Attorneys and Parties

The People ex rel. Christopher J. Cassar on behalf of Christopher Loeb
Petitioner
Attorneys: Christopher J. Cassar

Errol D. Toulon, Jr., et al.
Respondents
Attorneys: Raymond A. Tierney, Danielle Sciarretta

Brief Summary

Issue

Criminal procedure—bail revocation and modification of securing orders under New York Criminal Procedure Law (CPL) 530.60(2)(b)(iv) [permits revocation and a new securing order upon clear and convincing evidence that, after being charged with a felony, the defendant committed a felony while at liberty] and CPL 530.60(2)(d)(iii) [court must consider the necessary degree of control/restriction, CPL 510.10(1) factors, circumstances warranting revocation, and any noncompliance].

Lower Court Held

The Supreme Court, Suffolk County, granted the People’s application under CPL 530.60(2)(b)(iv), revoked Loeb’s bail on the Suffolk indictment, and remanded him.

What Was Overturned

The remand order was not outright vacated; instead, the Appellate Division sustained the writ to the extent of remitting for proper findings and otherwise dismissed the writ.

Why

The record failed to show that the court considered the CPL 530.60(2)(d)(iii) and CPL 510.10(1) [factors governing selection of securing orders to reasonably assure return to court] factors or articulated whether Loeb posed a flight risk and the rationale for the chosen securing order, contrary to People ex rel.
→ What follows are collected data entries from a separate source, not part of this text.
theorem corollary6:
  fixes A :: "real^'n^'n" and b xstar x0 v1 v2 :: "real^'n"
    and lam1 lam2 :: real and x :: "nat \<Rightarrow> real^'n" and \<alpha> :: "nat \<Rightarrow> real"
  assumes "CARD('n) > 1"
    and "pos_def_matrix A"
    and "invertible (mat 1 - A)"
    and "A *v xstar + b = xstar"
    and "v1 \<noteq> 0" and "v2 \<noteq> 0" and "v1 \<bullet> v2 = 0"
    and "A *v v1 = lam1 *\<^sub>R v1" and "A *v v2 = lam2 *\<^sub>R v2"
    and "\<not> (lam1 > 1 \<and> lam2 > 1)"
    and "lam1 \<noteq> 1" and "lam2 \<noteq> 1"
    and "x0 - xstar \<in> span {v1, v2}"
    and "AA_star1_run (\<lambda>y. A *v y + b) x0 x \<alpha>"
  shows "x \<longlonglongrightarrow> xstar"
proof -
  have "lam1 > 0" "lam2 > 0"
    using pos_def_matrix_eigenvalue_pos assms(2,5,6,8,9) by blast+
  have run: "aa_eigenplane_run (\<lambda>y. A *v y + b) ((*v) A) xstar x0 v1 v2 lam1 lam2 x \<alpha>"
  proof (rule aa_eigenplane_run.intro)
    show "A *v y + b = xstar + A *v (y - xstar)" for y
      using assms(4) by (simp add: matrix_vector_mult_diff_distrib algebra_simps)
  qed (use assms(5-9,13,14) in simp_all)
  obtain c1 c2 where x: "\<And>i. x i = xstar + c1 i *\<^sub>R v1 + c2 i *\<^sub>R v2"
    and recurrence: "aa_eigen_recurrence (v1 \<bullet> v1) (v2 \<bullet> v2) lam1 lam2 \<alpha> c1 c2"
    using aa_eigenplane_run.eigen_coordinates[OF run] by blast
  have "c1 \<longlonglongrightarrow> 0" "c2 \<longlonglongrightarrow> 0"
    using aa_eigen_recurrence.tendsto_zero[OF recurrence \<open>lam1 > 0\<close> \<open>lam2 > 0\<close> assms(11,12,10)]
    by simp_all
  hence "(\<lambda>i. xstar + c1 i *\<^sub>R v1 + c2 i *\<^sub>R v2) \<longlonglongrightarrow> xstar + 0 *\<^sub>R v1 + 0 *\<^sub>R v2"
    by (intro tendsto_intros)
  thus ?thesis unfolding x[abs_def] by simp
qed

end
Rankin v. Brann.

Background

Loeb was indicted in Suffolk County for two counts of assault in the second degree, a qualifying offense for which bail may be set (CPL 510.10(4)(a) [lists qualifying offenses for which bail may be set]). He posted bail and was released. While at liberty, he was arrested in Queens County and charged with grand larceny in the second degree and other offenses and was released on nonmonetary conditions. The People then moved in the Suffolk case to modify the securing order to revoke bail and remand Loeb under CPL 530.60(2)(b)(iv) [permits revocation and a new securing order upon clear and convincing evidence that, after being charged with a felony, the defendant committed a felony while at liberty]. The Supreme Court granted the application and remanded Loeb.

Lower Court Decision

The Supreme Court, Suffolk County, determined that an adjustment in bail was warranted under CPL 530.60(2)(b)(iv) and remanded Loeb, but it did not set forth on the record or in writing the CPL 530.60(2)(d)(iii) considerations or the CPL 510.10(1) factors, nor did it articulate findings regarding flight risk or reasons for the selected securing order.

Appellate Division Reversal

The Appellate Division sustained the writ to the extent of remitting to the Supreme Court, Suffolk County, for further proceedings consistent with CPL 530.60(2)(d)(iii) [court must consider the necessary degree of control/restriction, CPL 510.10(1) factors, circumstances warranting revocation, and any noncompliance], holding the record insufficient because the lower court failed to make on-the-record findings tied to the CPL 510.10(1) factors and to explain its choice of securing order. The court emphasized that modification cannot rest on the mere allegation of additional felonies (citing People ex rel. Rankin v. Brann; People ex rel. Kon v. Maginley-Liddie). The court did not reach petitioner’s remaining contention.

Legal Significance

Reaffirms that, when revoking bail and imposing a new securing order under CPL 530.60(2), courts must make contemporaneous, on-the-record findings addressing the CPL 510.10(1) factors and the reasons for the selected form and degree of restraint. Allegations of new criminal conduct alone are insufficient; the decision must reflect individualized consideration and clear reasoning.

🔑 Key Takeaway

Before revoking bail based on alleged new felonies committed while at liberty, a court must articulate on the record the CPL 510.10(1) factors and explain why the chosen securing order is necessary; failure to do so requires remittal for proper findings.